14Comment être un caregiver sensible lors de l’accueil d’une famille en hôpital de jour ? Anne Véron, éducatrice spécialisée, se questionne sur son propre type d’attachement, qui conditionne sa capacité à nouer une relation de plus ou moins bonne qualité avec les parents. Pour faciliter le soin en hôpital de jour des enfants, l’alliance thérapeutique entre les parents et les soignants est indispensable. Cet article, par son témoignage, donne une illustration pratique de certains aspects de la théorie de l’attachement. Les difficultés à « prendre soin de ceux qui prennent soin » incitent à interroger les apports de cette théorie dans la compréhension des comportements d’attachement : que ce soient ceux des parents envers leurs enfants, envers la structure soignante, mais aussi ceux des soignants eux-mêmes en retour. Cela amène à expliciter les modifications de certaines postures professionnelles. Il est original de pointer le type d’attachement des parents en pédopsychiatrie, plutôt que celui de l’enfant, ce qui conduit l’équipe accompagnante à mieux s’identifier aux parents.
15Les institutions sont des structures sociales dotées d’une stabilité dans le temps et orientées vers une finalité. Celle de l’institution hospitalière est de soulager la souffrance des malades. Pourtant, ceux qui soignent sont rendus eux-mêmes vulnérables à la souffrance psychique par l’exposition prolongée à la douleur de l’autre et au stress professionnel. Ils peuvent avoir besoin d’une source de soutien et de réconfort. À la lumière de la théorie de l’attachement et à partir d’une situation clinique, Lissa Claudia Yajima Dupuis, interne en psychiatrie, réfléchit à l’institution hospitalière en tant que figure d’attachement pour les soignants.
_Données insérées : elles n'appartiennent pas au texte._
(* Let $n=p\,q^{\alpha}$ with $\alpha\ge 1$ an integer and $p,q$ distinct primes such that $q\not\equiv 1\pmod 3$. If $n$ divides $\sigma_3(n)$, then $n$ is an even perfect number and $n\neq 28$.
   Context: $\sigma_3(n)=\sum_{d\mid n,\ d>0} d^3$. A positive integer $n$ is perfect if $\sum_{d\mid n,\ d>0} d=2n$. *)

theory Defs
  imports "HOL-Computational_Algebra.Primes"
begin

definition sigma3 :: "nat \<Rightarrow> nat" where
  "sigma3 n = (\<Sum>d | d dvd n \<and> d > 0. d ^ 3)"

definition perfect :: "nat \<Rightarrow> bool" where
  "perfect n \<longleftrightarrow> n > 0 \<and> (\<Sum>d | d dvd n \<and> d > 0. d) = 2 * n"

end

theory Submission
  imports Defs "HOL-Number_Theory.Number_Theory"
begin

text \<open>
  By multiplicativity, sigma3 (p q^a) = (1 + p^3) S with S = 1 + q^3 + ... + q^(3a). Since
  S is prime to q and 1 + p^3 is prime to p, the hypothesis says exactly that q^a divides
  1 + p^3 and p divides S. For q = 2 (mod 3) cubing is injective modulo q, which upgrades the
  first condition to q^a | p + 1, say p + 1 = m q^a. As (q^3 - 1) S = x^3 - 1 with x = q^(a+1),
  the prime p divides x - 1 or x^2 + x + 1. In the first case p | q - m, which by size forces
  m = q, i.e. p = q^(a+1) - 1, and parity gives q = 2. In the second case a Vieta-type descent
  leaves only q = 2, p = 3. The cases p = 2 and q = 3 succumb to direct estimates. Thus n is
  Euclid's number 2^a (2^(a+1) - 1) with 2^(a+1) - 1 prime. Finally n = 28 would mean p = 7 | q^3 - 1,
  but then S = a + 1 (mod p), which is too small to be divisible by p.
\<close>

section \<open>Cubes modulo a prime\<close>

lemma fermat_little_int:
  fixes p x :: int
  assumes "prime p"
  shows "[x ^ nat p = x] (mod p)"
proof (cases "p dvd x")
  case True
  have "nat p > 0" using prime_gt_0_int[OF assms] by simp
  then have "p dvd x ^ nat p" using True by (meson dvd_trans dvd_power)
  with True have "[x ^ nat p = 0] (mod p)" "[x = 0] (mod p)"
    by (simp_all add: cong_0_iff)
  then show ?thesis by (metis cong_sym cong_trans)
next
  case False
  define r where "r = nat (x mod p)"
  have p: "p = int (nat p)" "prime (nat p)" using assms prime_gt_0_int[OF assms] by auto
  have r: "int r = x mod p" using prime_gt_0_int[OF assms] by (simp add: r_def)
  have "\<not> nat p dvd r"
  proof
    assume "nat p dvd r"
    then have "p dvd x mod p" using p(1) r by (metis int_dvd_int_iff)
    then show False using False by (simp add: dvd_mod_iff)
  qed
  then have "[r ^ (nat p - 1) * r = 1 * r] (mod nat p)"
    using fermat_theorem[OF p(2)] cong_scalar_right by blast
  then have "[r ^ nat p = r] (mod nat p)"
    using power_minus_mult[of "nat p" r] prime_gt_0_int[OF assms] by simp
  then have "[int r ^ nat p = int r] (mod p)"
    by (metis cong_int_iff of_nat_power p(1))
  moreover have "[x = int r] (mod p)" by (simp add: r cong_def)
  ultimately show ?thesis by (meson cong_pow cong_sym cong_trans)
qed

text \<open>Since 3 divides 2p - 1, Fermat's little theorem recovers z modulo p as a power of z^3.\<close>
lemma cube_cong_imp_cong:
  fixes p x y :: int
  assumes "prime p" "p mod 3 = 2" "[x ^ 3 = y ^ 3] (mod p)"
  shows "[x = y] (mod p)"
proof -
  have "p = 3 * (p div 3) + 2" "p div 3 \<ge> 0"
    using assms(2) prime_gt_0_int[OF assms(1)] by presburger+
  then have "nat p = 3 * nat (p div 3) + 2" by linarith
  then obtain k where k: "2 * nat p - 1 = 3 * k" by (intro that[of "2 * nat (p div 3) + 1"]) simp
  have odd_power: "[z ^ (2 * nat p - 1) = z] (mod p)" for z :: int
  proof -
    have "2 * nat p - 1 = nat p + (nat p - 1)"
      using prime_gt_0_int[OF assms(1)] by simp
    then have "z ^ (2 * nat p - 1) = z ^ nat p * z ^ (nat p - 1)"
      by (simp add: power_add)
    also have "[\<dots> = z * z ^ (nat p - 1)] (mod p)"
      using fermat_little_int[OF assms(1)] by (rule cong_scalar_right)
    also have "z * z ^ (nat p - 1) = z ^ nat p"
      using prime_gt_0_int[OF assms(1)] by (simp flip: power_Suc)
    also have "[\<dots> = z] (mod p)" by (rule fermat_little_int[OF assms(1)])
    finally show ?thesis .
  qed
  have "[x = x ^ (2 * nat p - 1)] (mod p)" using odd_power by (rule cong_sym)
  also have "x ^ (2 * nat p - 1) = (x ^ 3) ^ k" by (simp only: k power_mult)
  also have "[\<dots> = (y ^ 3) ^ k] (mod p)" using assms(3) by (rule cong_pow)
  also have "(y ^ 3) ^ k = y ^ (2 * nat p - 1)" by (simp only: k power_mult)
  also have "[\<dots> = y] (mod p)" by (rule odd_power)
  finally show ?thesis .
qed

lemma not_dvd_cyclotomic3_of_mod3_eq2:
  fixes p x :: int
  assumes "prime p" "p mod 3 = 2"
  shows "\<not> p dvd x\<^sup>2 + x + 1"
proof
  assume dvd: "p dvd x\<^sup>2 + x + 1"
  have "x ^ 3 - 1 ^ 3 = (x - 1) * (x\<^sup>2 + x + 1)"
    by (simp add: algebra_simps power2_eq_square power3_eq_cube)
  with dvd have "[x ^ 3 = 1 ^ 3] (mod p)" by (simp add: cong_iff_dvd_diff)
  then have "[x = 1] (mod p)" using assms by (rule cube_cong_imp_cong[rotated 2])
  then have "[x\<^sup>2 + x + 1 = 1\<^sup>2 + 1 + 1] (mod p)" by (intro cong_add cong_pow) auto
  with dvd have "p dvd 3" by (simp add: cong_dvd_iff)
  then have "p = 3" using assms(1) by (simp add: primes_dvd_imp_eq)
  with assms(2) show False by simp
qed
text \<open>Undirected cycle in an edge set Z (length >= 2 is automatic without self-loops;
  two parallel or antiparallel edges form an undirected cycle).\<close>
definition ucycle :: "('e \<Rightarrow> nat) \<Rightarrow> ('e \<Rightarrow> nat) \<Rightarrow> 'e set \<Rightarrow> 'e list \<Rightarrow> nat list \<Rightarrow> bool" where
  "ucycle s t Z es vs \<longleftrightarrow> es \<noteq> [] \<and> length vs = length es \<and> distinct es \<and> distinct vs
     \<and> set es \<subseteq> Z
     \<and> (\<forall>i<length es. {s (es!i), t (es!i)} = {vs!i, vs!((i+1) mod length es)})"

definition uacyclic :: "('e \<Rightarrow> nat) \<Rightarrow> ('e \<Rightarrow> nat) \<Rightarrow> 'e set \<Rightarrow> bool" where
  "uacyclic s t Z \<longleftrightarrow> \<not> (\<exists>es vs. ucycle s t Z es vs)"

definition uadj :: "('e \<Rightarrow> nat) \<Rightarrow> ('e \<Rightarrow> nat) \<Rightarrow> 'e set \<Rightarrow> (nat \<times> nat) set" where
  "uadj s t Z = {(s e, t e) | e. e \<in> Z} \<union> {(t e, s e) | e. e \<in> Z}"

definition comps :: "nat set \<Rightarrow> ('e \<Rightarrow> nat) \<Rightarrow> ('e \<Rightarrow> nat) \<Rightarrow> 'e set \<Rightarrow> nat set set" where
  "comps V s t Z = {{y\<in>V. (x, y) \<in> (uadj s t Z)\<^sup>*} | x. x \<in> V}"

text \<open>\<Theta>_G(F,B): spanning forests (edge sets Z \<subseteq> E on the full node set V) with |B|
  components, each containing a node of F and being a tree rooted at a node of B
  (the root being the only node of the component without outgoing edges).\<close>
definition Theta :: "nat set \<Rightarrow> 'e set \<Rightarrow> ('e \<Rightarrow> nat) \<Rightarrow> ('e \<Rightarrow> nat) \<Rightarrow> nat set \<Rightarrow> nat set
                     \<Rightarrow> 'e set set" where
  "Theta V E s t F B = {Z. Z \<subseteq> E \<and> uacyclic s t Z \<and> card (comps V s t Z) = card B
     \<and> (\<forall>C\<in>comps V s t Z. C \<inter> F \<noteq> {}
          \<and> (\<exists>r\<in>B \<inter> C. {v\<in>C. \<not> (\<exists>e\<in>Z. s e = v)} = {r}))}"

definition dcycle :: "('e \<Rightarrow> nat) \<Rightarrow> ('e \<Rightarrow> nat) \<Rightarrow> 'e set \<Rightarrow> 'e list \<Rightarrow> bool" where
  "dcycle s t E es \<longleftrightarrow> es \<noteq> [] \<and> set es \<subseteq> E
     \<and> (\<forall>i<length es. t (es!i) = s (es!((i+1) mod length es)))
     \<and> distinct (map s es)"

definition dpath :: "('e \<Rightarrow> nat) \<Rightarrow> ('e \<Rightarrow> nat) \<Rightarrow> 'e set \<Rightarrow> nat \<Rightarrow> nat \<Rightarrow> 'e list \<Rightarrow> bool" where
  "dpath s t E u v es \<longleftrightarrow> set es \<subseteq> E
     \<and> (\<forall>i. i + 1 < length es \<longrightarrow> t (es!i) = s (es!(i+1)))
     \<and> (if es = [] then u = v else s (hd es) = u \<and> t (last es) = v)
     \<and> distinct (u # map t es)"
Les dysfonctionnements institutionnels pourraient, dans cette perspective, être appréhendés comme un défaut de satisfaction d’un besoin fondamental de protection. Seraient ainsi remises au centre des valeurs profondément humaines que sont la considération et l’engagement. L’attention commune dirigée vers le patient s’en trouverait dès lors renforcée.
16Ce bref panorama de situations cliniques plus ou moins complexes et sévères permet d’entrevoir ce que nous a apporté la théorie de l’attachement pour une meilleure compréhension des enfants et de leurs besoins de sécurité émotionnelle dans les relations qu’ils engagent avec les adultes. Chaque période de la vie est faite de rencontres et d’expériences collectives ; certaines sont particulièrement complexes et douloureuses et la théorie de l’attachement peut contribuer à améliorer l’accompagnement proposé à l’enfant ou à l’adolescent.